In terms of time control,The typical timeline from DNA to IND is 15 months., and can further shorten the R&D cycle based on customer and project requirements. During the commercialization phase, Dragon Sail Pharmaceutical'sNONCROS Non-Cross-Reactive Antibody Production Technology, which not only meets the compliance requirements for multi-product co-line production, maximizing production efficiency and cost-effectiveness, but also achieves a fully single-use process, thereby avoiding cross-contamination between products. All product-contact materials, from cell cryovials to the final vials containing the finished product, are replaceable.
Dragon Sail Pharmaceutical has also introduced imported equipment and software to achieve automated control in processes such as bulk drug substance and formulation manufacturing, thereby realizing industrial digitalization in the biopharmaceutical sector and significantly improving production efficiency. ThroughThe embedding of automation and informatization, adopting whole-process business management and control,Optimize the interaction and integration of key business processes, build an enterprise-wide, closed-loop management and control platform, and significantly enhance overall production quality control levels.
Furthermore, the production cost of antibodies is primarily comprised of culture media and consumables, accounting for 50%-60% of the final cost. Dragon Sail Pharmaceutical’s centralized bulk procurement keeps consumable prices at a low level, ensuring that customers’ production costs remain within a lower range and thereby enhancing the price competitiveness of their products.
To date, Dragon Sail Pharmaceutical has established collaborations with more than 10 biopharmaceutical companies.
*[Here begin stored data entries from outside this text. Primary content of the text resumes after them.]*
(* Let $n\ge1$ and let $\mathcal{ORCT}_n$ be the semigroup of all full contractions of $[n]=\{1,\dots,n\}$ that are either order-preserving or order-reversing. Let $\textnormal{Reg}(\mathcal{ORCT}_n)$ be the set of regular elements of $\mathcal{ORCT}_n$. Then $$|\textnormal{Reg}(\mathcal{ORCT}_n)|=\frac{n(n-1)(2n-1)+6n}{3}-n.$$
   Context: $\mathcal{T}_n$ is the semigroup (under composition) of all maps $[n]\to[n]$. A map $\alpha\in\mathcal{T}_n$ is a contraction if $|x\alpha-y\alpha|\le |x-y|$ for all $x,y\in[n]$; it is order-preserving if $x\le y$ implies $x\alpha\le y\alpha$, and order-reversing if $x\le y$ implies $x\alpha\ge y\alpha$. $\mathcal{ORCT}_n$ is the set of contractions in $\mathcal{T}_n$ that are order-preserving or order-reversing; it is a subsemigroup of $\mathcal{T}_n$. An element $\alpha\in\mathcal{ORCT}_n$ is regular if there is $\beta\in\mathcal{ORCT}_n$ with $\alpha\beta\alpha=\alpha$. *)

theory Defs
  imports Main "HOL-Library.FuncSet"
begin

text \<open>Full transformations of [n] = {1..n}, represented as extensional maps
  (value undefined outside {1..n}).\<close>
definition Tn :: "nat \<Rightarrow> (nat \<Rightarrow> nat) set" where
  "Tn n = {1..n} \<rightarrow>\<^sub>E {1..n}"

definition is_contraction :: "nat \<Rightarrow> (nat \<Rightarrow> nat) \<Rightarrow> bool" where
  "is_contraction n a \<longleftrightarrow> (\<forall>x\<in>{1..n}. \<forall>y\<in>{1..n}.
     \<bar>int (a x) - int (a y)\<bar> \<le> \<bar>int x - int y\<bar>)"

definition order_preserving :: "nat \<Rightarrow> (nat \<Rightarrow> nat) \<Rightarrow> bool" where
  "order_preserving n a \<longleftrightarrow> (\<forall>x\<in>{1..n}. \<forall>y\<in>{1..n}. x \<le> y \<longrightarrow> a x \<le> a y)"

definition order_reversing :: "nat \<Rightarrow> (nat \<Rightarrow> nat) \<Rightarrow> bool" where
  "order_reversing n a \<longleftrightarrow> (\<forall>x\<in>{1..n}. \<forall>y\<in>{1..n}. x \<le> y \<longrightarrow> a x \<ge> a y)"

definition ORCT :: "nat \<Rightarrow> (nat \<Rightarrow> nat) set" where
  "ORCT n = {a \<in> Tn n. is_contraction n a \<and> (order_preserving n a \<or> order_reversing n a)}"

text \<open>Product in the semigroup: maps act on the right, x(ab) = (xa)b.\<close>
definition tmul :: "nat \<Rightarrow> (nat \<Rightarrow> nat) \<Rightarrow> (nat \<Rightarrow> nat) \<Rightarrow> (nat \<Rightarrow> nat)" where
  "tmul n a b = compose {1..n} b a"

definition Reg_ORCT :: "nat \<Rightarrow> (nat \<Rightarrow> nat) set" where
  "Reg_ORCT n = {a \<in> ORCT n. \<exists>b \<in> ORCT n. tmul n (tmul n a b) a = a}"

end

theory Submission
  imports Defs
begin

text \<open>
  Split the regular elements f by comparing f 1 with f n. If f 1 = f n then f is constant, and
  each of the n constants is idempotent. Precomposing with the reversal x \<mapsto> n + 1 - x is an
  involution of the regular elements exchanging f 1 < f n with f n < f 1, so it remains to count
  the regular f with f 1 < f n, which are order-preserving. If f \<beta> f = f with \<beta> a contraction,
  then for an inner point y of the image interval of f, \<beta> maps y - 1, y, y + 1 to consecutive
  points, which forces the fibre of y to be the single point \<beta> y. Hence f is constant up to some
  p, then climbs with slope 1 to its maximum and stays there; conversely every such ramp is
  regular. A ramp whose image has n + 1 - j points is determined by its minimum and by p, each
  with j possible values, so |Reg(ORCT n)| = n + 2 (1 + 4 + ... + (n - 1) * (n - 1)).
\<close>

lemma clamp_shift_slope:
  fixes lo hi s t x y :: nat
  assumes "x \<le> y"
  shows "max lo (min hi (x + s - t)) \<le> max lo (min hi (y + s - t))"
    and "max lo (min hi (y + s - t)) \<le> max lo (min hi (x + s - t)) + (y - x)"
  using assms by (auto simp: max_def min_def)

lemma discrete_ivt:
  fixes f :: "nat \<Rightarrow> nat"
  assumes "\<And>x. 1 \<le> x \<Longrightarrow> x < n \<Longrightarrow> f (Suc x) \<le> f x + 1"
    and "1 \<le> n" "f 1 \<le> v" "v \<le> f n"
  shows "\<exists>z\<in>{1..n}. f z = v"
  using assms
proof (induction n)
  case 0
  then show ?case by simp
next
  case (Suc n)
  show ?case
  proof (cases "1 \<le> n \<and> v \<le> f n")
    case True
    then show ?thesis
      using Suc by force
  next
    case False
    have "f (Suc n) \<le> v"
    proof (cases "n = 0")
      case True
      then show ?thesis using Suc.prems(3) by simp
    next
      case False
      then have "f n < v"
        using \<open>\<not> (1 \<le> n \<and> v \<le> f n)\<close> by simp
      moreover have "f (Suc n) \<le> f n + 1"
        using False Suc.prems(1) by simp
      ultimately show ?thesis by simp
    qed
    then show ?thesis
      using Suc.prems(4) by (intro bexI[of _ "Suc n"]) auto
  qed
qed

lemma exists_change_point:
  assumes "1 \<le> n" "f 1 \<noteq> f n"
  shows "\<exists>p. 1 \<le> p \<and> p < n \<and> f p = f 1 \<and> f (Suc p) \<noteq> f 1"
  using assms
proof (induction n)
  case 0
  then show ?case by simp
next
  case (Suc n)
  show ?case
  proof (cases "1 \<le> n \<and> f n = f 1")
    case True
    then show ?thesis
      using Suc.prems(2) by (intro exI[of _ n]) auto
  next
    case False
    then have "1 \<le> n" "f 1 \<noteq> f n"
      using Suc.prems by (cases n; auto)+
    then show ?thesis
      using Suc.IH less_SucI by blast
  qed
qed

lemma sum_of_squares: "6 * (\<Sum>j=1..m. j\<^sup>2) = m * (m + 1) * (2 * m + 1)" for m :: nat
  by (induction m) (simp_all add: algebra_simps power2_eq_square)

lemma tmul_apply: "x \<in> {1..n} \<Longrightarrow> tmul n a b x = b (a x)"
  by (simp add: tmul_def compose_def)

lemma Tn_apply: "f \<in> Tn n \<Longrightarrow> x \<in> {1..n} \<Longrightarrow> f x \<in> {1..n}"
  by (auto simp: Tn_def)

lemma Tn_eqI: "f \<in> Tn n \<Longrightarrow> g \<in> Tn n \<Longrightarrow> (\<And>x. x \<in> {1..n} \<Longrightarrow> f x = g x) \<Longrightarrow> f = g"
  unfolding Tn_def by (rule PiE_ext)

lemma order_preservingD:
  "order_preserving n f \<Longrightarrow> x \<in> {1..n} \<Longrightarrow> y \<in> {1..n} \<Longrightarrow> x \<le> y \<Longrightarrow> f x \<le> f y"
  by (simp add: order_preserving_def)

lemma order_reversingD:
  "order_reversing n f \<Longrightarrow> x \<in> {1..n} \<Longrightarrow> y \<in> {1..n} \<Longrightarrow> x \<le> y \<Longrightarrow> f y \<le> f x"
  by (simp add: order_reversing_def)

lemma order_preserving_less_imp_less:
  "order_preserving n f \<Longrightarrow> x \<in> {1..n} \<Longrightarrow> y \<in> {1..n} \<Longrightarrow> f x < f y \<Longrightarrow> x < y"
  using order_preservingD[of n f y x] by (meson leI not_less)

lemma contraction_SucD:
  assumes "is_contraction n f" "x \<in> {1..n}" "Suc x \<in> {1..n}"
  shows "f (Suc x) \<le> f x + 1" "f x \<le> f (Suc x) + 1"
  using assms unfolding is_contraction_def by fastforce+

lemma ORCT_Tn: "f \<in> ORCT n \<Longrightarrow> f \<in> Tn n"
  by (simp add: ORCT_def)

lemma tmul_Tn: "a \<in> Tn n \<Longrightarrow> b \<in> Tn n \<Longrightarrow> tmul n a b \<in> Tn n"
  by (auto simp: Tn_def tmul_def compose_def)

lemma is_contraction_tmul:
  assumes "a \<in> Tn n" "is_contraction n a" "is_contraction n b"
  shows "is_contraction n (tmul n a b)"
  unfolding is_contraction_def
proof (intro ballI)
  fix x y assume xy: "x \<in> {1..n}" "y \<in> {1..n}"
  then have "\<bar>int (b (a x)) - int (b (a y))\<bar> \<le> \<bar>int (a x) - int (a y)\<bar>"
    using assms(1,3) Tn_apply unfolding is_contraction_def by blast
  also have "\<dots> \<le> \<bar>int x - int y\<bar>"
    using assms(2) xy unfolding is_contraction_def by blast
  finally show "\<bar>int (tmul n a b x) - int (tmul n a b y)\<bar> \<le> \<bar>int x - int y\<bar>"
    using xy by (simp add: tmul_apply)
qed

lemma monotone_tmul:
  assumes "a \<in> Tn n"
    and "order_preserving n a \<or> order_reversing n a"
    and "order_preserving n b \<or> order_reversing n b"
  shows "order_preserving n (tmul n a b) \<or> order_reversing n (tmul n a b)"
proof -
  note a_range = Tn_apply[OF assms(1)]
  from assms(2,3) consider
      "order_preserving n a" "order_preserving n b"
    | "order_preserving n a" "order_reversing n b"
    | "order_reversing n a" "order_preserving n b"
    | "order_reversing n a" "order_reversing n b"
    by blast
  then show ?thesis
  proof cases
    case 1
    then have "order_preserving n (tmul n a b)"
      using a_range unfolding order_preserving_def by (simp add: tmul_apply)
    then show ?thesis ..
  next
    case 2
    then have "order_reversing n (tmul n a b)"
      using a_range unfolding order_preserving_def order_reversing_def by (simp add: tmul_apply)
    then show ?thesis ..
  next
    case 3
    then have "order_reversing n (tmul n a b)"
      using a_range unfolding order_preserving_def order_reversing_def by (simp add: tmul_apply)
    then show ?thesis ..
  next
    case 4
    then have "order_preserving n (tmul n a b)"
      using a_range unfolding order_preserving_def order_reversing_def by (simp add: tmul_apply)
    then show ?thesis ..
  qed
qed

lemma tmul_ORCT: "a \<in> ORCT n \<Longrightarrow> b \<in> ORCT n \<Longrightarrow> tmul n a b \<in> ORCT n"
  unfolding ORCT_def using tmul_Tn is_contraction_tmul monotone_tmul by simp

lemma tmul_regular_iff:
  assumes f: "f \<in> Tn n" and b: "b \<in> Tn n"
  shows "tmul n (tmul n f b) f = f \<longleftrightarrow> (\<forall>x\<in>{1..n}. f (b (f x)) = f x)"
proof -
  have app: "tmul n (tmul n f b) f x = f (b (f x))" if "x \<in> {1..n}" for x
    using that f by (simp add: tmul_apply Tn_apply)
  show ?thesis
  proof
    assume "tmul n (tmul n f b) f = f"
    then show "\<forall>x\<in>{1..n}. f (b (f x)) = f x" using app by metis
  next
    assume "\<forall>x\<in>{1..n}. f (b (f x)) = f x"
    then show "tmul n (tmul n f b) f = f"
      using Tn_eqI[OF tmul_Tn[OF tmul_Tn[OF f b] f] f] app by simp
  qed
qed

lemma Reg_ORCT_iff:
  "f \<in> Reg_ORCT n \<longleftrightarrow> f \<in> ORCT n \<and> (\<exists>b\<in>ORCT n. \<forall>x\<in>{1..n}. f (b (f x)) = f x)"
  unfolding Reg_ORCT_def using tmul_regular_iff by (auto simp: ORCT_def)

definition rev_map :: "nat \<Rightarrow> nat \<Rightarrow> nat" where
  "rev_map n = restrict (\<lambda>x. n + 1 - x) {1..n}"

lemma rev_map_ORCT: "rev_map n \<in> ORCT n"
  by (auto simp: rev_map_def ORCT_def Tn_def is_contraction_def order_reversing_def)

lemma tmul_rev_map_apply: "x \<in> {1..n} \<Longrightarrow> tmul n (rev_map n) f x = f (n + 1 - x)"
  by (simp add: tmul_apply rev_map_def)

lemma tmul_rev_map_rev_map:
  assumes "f \<in> Tn n"
  shows "tmul n (rev_map n) (tmul n (rev_map n) f) = f"
proof (rule Tn_eqI[OF _ assms])
  have "rev_map n \<in> Tn n"
    using rev_map_ORCT by (rule ORCT_Tn)
  then show "tmul n (rev_map n) (tmul n (rev_map n) f) \<in> Tn n"
    using assms by (simp add: tmul_Tn)
next
  fix x assume x: "x \<in> {1..n}"
  then have "n + 1 - x \<in> {1..n}" by auto
  then show "tmul n (rev_map n) (tmul n (rev_map n) f) x = f x"
    using x by (simp add: tmul_rev_map_apply)
qed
“Many of our clients are scientists with deep expertise in their respective research fields. However, they often lack experience in GMP-compliant manufacturing. We are committed to leveraging our understanding of pharmaceuticals to allow scientists to focus on solving scientific problems, while Dragon Sail Pharmaceutical addresses compliance and commercialization challenges. This approach accelerates product time-to-market, enabling more patients to access higher-quality, lower-cost antibody therapies,” said Tan Kai.